We avow the desirability of the network, yet we're aware of the itch of edge cases, data that can't be brought under rule. What do we treat as noise and what as signal, what do we deny is the meaning of the collection? Is exceptionality or conformance to type the most significant case? On twitter, @aylewis summarised this as 'Patchworking metaphor lets us conceptualise non-conformance as signal not noise'

Pay attention to the friction in the system, rather than smoothing it over. Collections both express and support analysis. Expressing theories of genre etc in internal modelling… Patchwork – the collection articulates the scholarly interest that animated its creation but also interests of the reader… The collection is animated by agency, is modelled by it, even while it respects the agency we bring as readers. Scholarly enquiry is always a transaction involving agency on both ends.

My (not very good) notes from discussion afterwards… there was a question about digital femmage; discussion of the tension between the desire for transparency and the desire to permit many viewpoints on material while not disingenuously disavowing the roles in shaping the collection; the trend at one point for factoids rather than narratives (but people wanted the editors' view as a foundation for what they do with that material); the logic of the network – a collection as a set of parameters not as a set of items; Alan Liu's encouragement to continue with theme of human agency in understanding what collections are about (e.g. solo collectors like John Soane); crowdsourced work is important in itself regardless of whether it comes up with the 'best' outcome, by whatever metric. Flanders: 'the commitment to efficiency is worrisome to me, it puts product over people in our scale of moral assessment' [hoorah!
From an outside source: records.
lemma mon_multiple_factors_in_ncpoly_Q:
  assumes Q: "quiver V E s t" and g: "g \<in> ncpoly_Q V E s t l"
    and m: "m \<in> supp (mon_multiple (c, u, g, w))"
    and S: "S \<noteq> {}" "S \<subseteq> V \<times> V" "S \<subseteq> sigma_mon V E s t l m"
  shows "ncscale c (ncmon u) \<in> ncpoly_Q V E s t l" and "ncmon w \<in> ncpoly_Q V E s t l"
    and "S \<subseteq> sigma V E s t l (mon_multiple (c, u, g, w))"
proof -
  obtain mg where "m = u @ mg @ w" using m by (rule supp_mon_multiple)
  then have "sigma_mon V E s t l m =
      sigma_mon V E s t l w O sigma_mon V E s t l mg O sigma_mon V E s t l u"
    by (simp add: sigma_mon_append[OF Q] O_assoc)
  with S have "sigma_mon V E s t l u \<noteq> {}" and "sigma_mon V E s t l w \<noteq> {}"
    by auto
  moreover have "supp (ncscale c (ncmon u)) \<subseteq> {u}" and "supp (ncmon w) \<subseteq> {w}"
    by (auto simp: supp_def ncscale_def ncmon_def)
  ultimately show "ncscale c (ncmon u) \<in> ncpoly_Q V E s t l" and "ncmon w \<in> ncpoly_Q V E s t l"
    unfolding ncpoly_Q_def
    by (auto intro: unif_compatible_supp_subset_singleton[OF Q] ncpoly_ncscale ncpoly_ncmon)
  have "unif_compatible V E s t l g" using g by (simp add: ncpoly_Q_def)
  then have "\<forall>m' \<in> supp (mon_multiple (c, u, g, w)). sigma_mon V E s t l m' = sigma_mon V E s t l m"
    using sigma_mon_eq_on_supp_mon_multiple[OF Q _ _ m] by blast
  with S show "S \<subseteq> sigma V E s t l (mon_multiple (c, u, g, w))"
    unfolding sigma_def by auto
qed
IMO, engagement is as important as data in cultural heritage]; a question about the agency of objects, with the answer that digital surrogates are carriers of agency, the question is how to understand that in relation to object agency?

GIS and Mapping I

The first paper was 'Mapping the Past in the Present' by Andrew Wilson, which was a fast run-through some lovely examples based on Sydney's geo-spatial history. He discussed the spatial turn in history, and the mid-20thC shift to broader scales, territories of shared experience, the on-going concern with the description of space, its experience and management.
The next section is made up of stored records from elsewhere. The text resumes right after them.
lemma far_scale_ineq:
  fixes W b \<alpha> :: real
  assumes W: "W \<ge> 1" and b: "0 < b" "b \<le> 1" and \<alpha>: "0 < \<alpha>"
  shows "sqrt (W/(4*b^2)) powr (-\<alpha>) \<le> 2 powr \<alpha>"
proof -
  have Wp: "W > 0" using W by simp
  have lnb: "ln b \<le> 0" using b by simp
  have lnW: "ln W \<ge> 0" using W by simp
  have "ln (sqrt (W/(4*b^2)) powr (-\<alpha>)) = -\<alpha> * ((ln W - ln 4 - 2 * ln b) / 2)"
    using Wp b by (simp add: ln_mult ln_powr ln_div ln_sqrt ln_realpow)
  also have "\<dots> = - (\<alpha> * ln W)/2 + (\<alpha> * ln 4)/2 + \<alpha> * ln b" by (simp add: field_simps)
  also have "\<dots> \<le> \<alpha> * ln 2"
  proof -
    have "ln (4::real) = 2 * ln 2" using ln_realpow[of 2 2] by simp
    then have "\<alpha> * ln 4 = 2 * (\<alpha> * ln 2)" by simp
    moreover have "\<alpha> * ln b \<le> 0" using lnb \<alpha> by (simp add: mult_nonneg_nonpos)
    moreover have "\<alpha> * ln W \<ge> 0" using lnW \<alpha> by simp
    ultimately show ?thesis by linarith
  qed
  also have "\<dots> = ln (2 powr \<alpha>)" by (simp add: ln_powr)
  finally show ?thesis using Wp b by (subst ln_le_cancel_iff[symmetric]) auto
qed

lemma tail_scale_ineq:
  fixes W b \<alpha> p d :: real
  assumes W: "W \<ge> 1" and b: "0 < b" "b \<le> 1" and \<alpha>: "0 < \<alpha>" and p: "p = d + \<alpha>" "d \<ge> 0"
  shows "sqrt (W/(4*b^2)) powr (-p) * b powr (-d) \<le> 2 powr p * W powr (-p/2)"
proof -
  have Wp: "W > 0" using W by simp
  have lnb: "ln b \<le> 0" using b by simp
  have "ln (sqrt (W/(4*b^2)) powr (-p) * b powr (-d)) = -p * ((ln W - ln 4 - 2 * ln b) / 2) - d * ln b"
    using Wp b by (simp add: ln_mult ln_powr ln_div ln_sqrt ln_realpow)
  also have "\<dots> = - (p * ln W)/2 + (p * ln 4)/2 + \<alpha> * ln b"
    unfolding p by (simp add: field_simps)
  also have "\<dots> \<le> p * ln 2 + (-p/2) * ln W"
  proof -
    have "ln (4::real) = 2 * ln 2" using ln_realpow[of 2 2] by simp
    then have "p * ln 4 = 2 * (p * ln 2)" by simp
    moreover have "\<alpha> * ln b \<le> 0" using lnb \<alpha> by (simp add: mult_nonneg_nonpos)
    moreover have "(-p/2) * ln W = - (p * ln W)/2" by simp
    ultimately show ?thesis by linarith
  qed
  also have "\<dots> = ln (2 powr p * W powr (-p/2))" using Wp by (simp add: ln_mult ln_powr)
  finally show ?thesis using Wp b by (subst ln_le_cancel_iff[symmetric]) auto
qed

definition profile_radius :: "real \<Rightarrow> 'a::real_normed_vector \<Rightarrow> real" where
  "profile_radius b x = sqrt ((1 + (b * norm x)^2) / (4 * b^2))"

lemma nn_integral_profile_second_diff_near:
  fixes \<alpha> :: real
  assumes \<alpha>: "0 < \<alpha>" "\<alpha> < 2"
  defines "p \<equiv> real DIM('a::euclidean_space) + \<alpha>"
  shows "\<exists>C\<ge>0. \<forall>b (x::'a). 0 < b \<longrightarrow> b \<le> 1 \<longrightarrow>
     (\<integral>\<^sup>+y. indicator {..profile_radius b x} (norm y) *
        ennreal (\<bar>second_diff (profile p b) x y\<bar> * norm y powr (-p)) \<partial>lborel)
     \<le> ennreal (C * profile p b x)"
proof -
  have p: "p \<ge> 0" unfolding p_def using \<alpha> by simp
  obtain Cin where Cin: "Cin \<ge> 0" "\<And>R. R > 0 \<Longrightarrow> (\<integral>\<^sup>+y. indicator {..R} (norm (y::'a)) * ennreal (norm y powr (2-p)) \<partial>lborel)
     \<le> ennreal (R powr ((2-p) + DIM('a)) * Cin)"
    using nn_integral_norm_powr_inside_ball[of "2-p", where 'a='a] \<alpha> unfolding p_def by auto
  define cp where "cp = 2 * (4*\<bar>(-p/2)*(-p/2-1)\<bar> + 2*\<bar>-p/2\<bar>)"
  have cp: "cp \<ge> 0" unfolding cp_def by simp
  have "(\<integral>\<^sup>+y. indicator {..profile_radius b x} (norm y) *
        ennreal (\<bar>second_diff (profile p b) x y\<bar> * norm y powr (-p)) \<partial>lborel)
     \<le> ennreal (cp * 4 powr (1 + p/2) * Cin * profile p b x)"
    if b: "0 < b" "b \<le> 1" for b and x :: 'a
  proof -
    define W where "W = 1 + (b * norm x)^2"
    define R where "R = profile_radius b x"
    define Kin where "Kin = cp * b^2 * (W/4) powr (-p/2 - 1)"
    have W: "W \<ge> 1" unfolding W_def by simp
    have R: "R > 0" "R = sqrt (W / (4 * b^2))" unfolding R_def profile_radius_def W_def using b by (simp_all add: add_pos_nonneg)
    have Kin: "Kin \<ge> 0" unfolding Kin_def using cp by simp
    have pt: "indicator {..R} (norm y) * ennreal (\<bar>second_diff (profile p b) x y\<bar> * norm y powr (-p))
        \<le> ennreal Kin * (indicator {..R} (norm y) * ennreal (norm y powr (2-p)))" for y :: 'a
    proof (cases "y \<noteq> 0 \<and> norm y \<le> R")
      case True
      have "norm y^2 \<le> R^2" using True by (intro power_mono) auto
      then have "(b * norm y)^2 \<le> W / 4" using b W unfolding R(2) by (simp add: power_mult_distrib field_simps)
      then have "\<bar>second_diff (profile p b) x y\<bar> \<le> Kin * norm y^2"
        using profile_second_diff_near[OF p b(1), of y x] unfolding Kin_def cp_def W_def by (simp add: mult_ac)
      then have "\<bar>second_diff (profile p b) x y\<bar> * norm y powr (-p) \<le> Kin * norm y^2 * norm y powr (-p)"
        by (rule mult_right_mono) simp
      also have "\<dots> = Kin * (norm y^2 * norm y powr (-p))" by (simp add: mult.assoc)
      also have "norm y^2 * norm y powr (-p) = norm y powr (2-p)"
        using True powr_add[of "norm y" 2 "-p"] by (simp add: powr_numeral)
      finally show ?thesis using True Kin by (simp add: ennreal_mult'[symmetric] ennreal_leI)
    qed auto
    have "(\<integral>\<^sup>+y. indicator {..R} (norm y) * ennreal (\<bar>second_diff (profile p b) x y\<bar> * norm y powr (-p)) \<partial>lborel)
        \<le> ennreal Kin * (\<integral>\<^sup>+y. indicator {..R} (norm (y::'a)) * ennreal (norm y powr (2-p)) \<partial>lborel)"
      by (subst nn_integral_cmult[symmetric]) (auto intro!: nn_integral_mono pt)
    also have "\<dots> \<le> ennreal Kin * ennreal (R powr (2 - \<alpha>) * Cin)"
      using Cin(2)[OF R(1)] unfolding p_def by (intro mult_left_mono) auto
    also have "\<dots> \<le> ennreal (cp * 4 powr (1 + p/2) * Cin * profile p b x)"
    proof -
      have "b^2 * (W/4) powr (-p/2-1) * R powr (2-\<alpha>) \<le> 4 powr (1 + p/2) * W powr (-p/2)"
        unfolding R(2) by (rule near_scale_ineq[OF W b \<alpha>]) (auto simp: p_def)
      then have "Kin * (R powr (2 - \<alpha>) * Cin) \<le> cp * 4 powr (1 + p/2) * Cin * profile p b x"
        unfolding Kin_def profile_def W_def using cp Cin(1)
        by (simp add: mult_left_mono mult_right_mono mult_ac)
      then show ?thesis using Kin by (simp add: ennreal_mult'[symmetric] ennreal_leI)
    qed
    finally show ?thesis unfolding R_def .
  qed
  then show ?thesis using cp Cin(1) by (intro exI[of _ "cp * 4 powr (1 + p/2) * Cin"]) auto
qed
He referenced Deconstructing the map, Harley, 1989, 'cartography is seldom what the cartographers say it is'. All maps are lies. All maps have to be read, closely or distantly. He referenced Grace Karskens' On the rocks and discussed the reality of maps as evidence, an expression of European expansion; the creation of the maps is an exercise in power. Maps must be interpreted as evidence. He talked about deriving data from historic maps, using regressive analysis to go back in time through the sources. He also mentioned TGIS – time-enabled GIS. Space-time composite model – when have lots and lots of temporal changes, create polygon that describes every change in the sequence.

The second paper was 'Reading the Text, Walking the Terrain, Following the Map: Do We See the Same Landscape?' by Øyvind Eide. He said that viewing a document and seeing a landscape are often represented as similar activities… but seeing a landscape means moving around in it, being an active participant. Wood (2010) on the explosion of maps around 1500 – part of the development of the modern state. We look at older maps through modern eyes – maps weren't made for navigation but to establish the modern state.
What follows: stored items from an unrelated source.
(* Let $X$ be a compact metric space and $f:X\dashrightarrow X$ a continuous open-dense defined map which is good with respect to iterates. Let $\mu$ be an $f$-invariant Borel probability measure on $X$ with $\mu(I_\infty(f))=0$. Then there exists a unique Borel measure $\hat\mu$ on $\Gamma_{f,\infty}$ such that $(\pi_1)_*(\hat\mu)\le\mu$, $\hat\mu(\Gamma_{f,\infty})=1$ and $(\sigma_f)_*(\hat\mu)=\hat\mu$. Moreover $h_\mu(f)=h_{\hat\mu}(\sigma_f)$.
   Context: A continuous open-dense defined map $f:X\dashrightarrow X$ is a continuous map $f:\mathrm{OpenDom}(f)\to X$ with $\mathrm{OpenDom}(f)$ open dense; $I(f)=X\setminus\mathrm{OpenDom}(f)$. Let $\Omega_{f,\infty}=\{x\in\mathrm{OpenDom}(f):f^n(x)\notin I(f)\ \forall n\in\mathbb{N}\}$ and $I_\infty(f)=X\setminus\Omega_{f,\infty}$; $f$ is good with respect to iterates if $\Omega_{f,\infty}$ is dense and $I_\infty(f)$ is nowhere dense. $\Gamma_{f,\infty}$ is the closure in $X^{\mathbb{N}}$ (product topology, a compact metrizable space) of $\{(x,f(x),f^2(x),\ldots):x\in\Omega_{f,\infty}\}$; $\sigma_f:\Gamma_{f,\infty}\to\Gamma_{f,\infty}$ is the shift $(x_1,x_2,\ldots)\mapsto(x_2,x_3,\ldots)$ and $\pi_1(x_1,x_2,\ldots)=x_1$. $f$-invariance of $\mu$ means $f_*\mu=\mu$, where for a measure with no mass on $I(f)$, $f_*\mu(\varphi)=\int_{X\setminus I(f)}\varphi\circ f\,d\mu$. $h_\mu(f)$ is the Kolmogorov–Sinai entropy of the measure-preserving map $f:\Omega_{f,\infty}\to\Omega_{f,\infty}$ with respect to $\mu$, and $h_{\hat\mu}(\sigma_f)$ is the Kolmogorov–Sinai entropy of $\sigma_f$ with respect to $\hat\mu$. For measures, $\le$ means inequality of integrals against all continuous functions (equivalently on all Borel sets). *)

theory Defs
  imports "HOL-Probability.Probability"
begin

text \<open>A continuous open-dense defined map on the space (the type 'a) is given by
  its open dense domain D = OpenDom(f) and a function f that is continuous on D.
  The indeterminacy set is I(f) = - D.\<close>

definition open_dense_map :: "'a::topological_space set \<Rightarrow> ('a \<Rightarrow> 'a) \<Rightarrow> bool" where
  "open_dense_map D f \<longleftrightarrow> open D \<and> closure D = UNIV \<and> continuous_on D f"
He's done a case study on text v maps in Scandinavia, 1740s. What is lost in the process of converting text to maps? Context, vagueness, under-specification, negation, disjunction… It's a combination of too little and too much. Text has information that can't fit on a map and text that doesn't provide enough information to make a map. Under-specification is when a verbal text describes a spatial phenomenon in a way that can be understood in two different ways by a competent reader. How do you map a negative feature of a landscape? i.e. things that are stated not to be there. 'Or' cannot be expressed on a map… Different media, different experiences – each can mediate only certain aspects for total reality (Ellestrom 2010).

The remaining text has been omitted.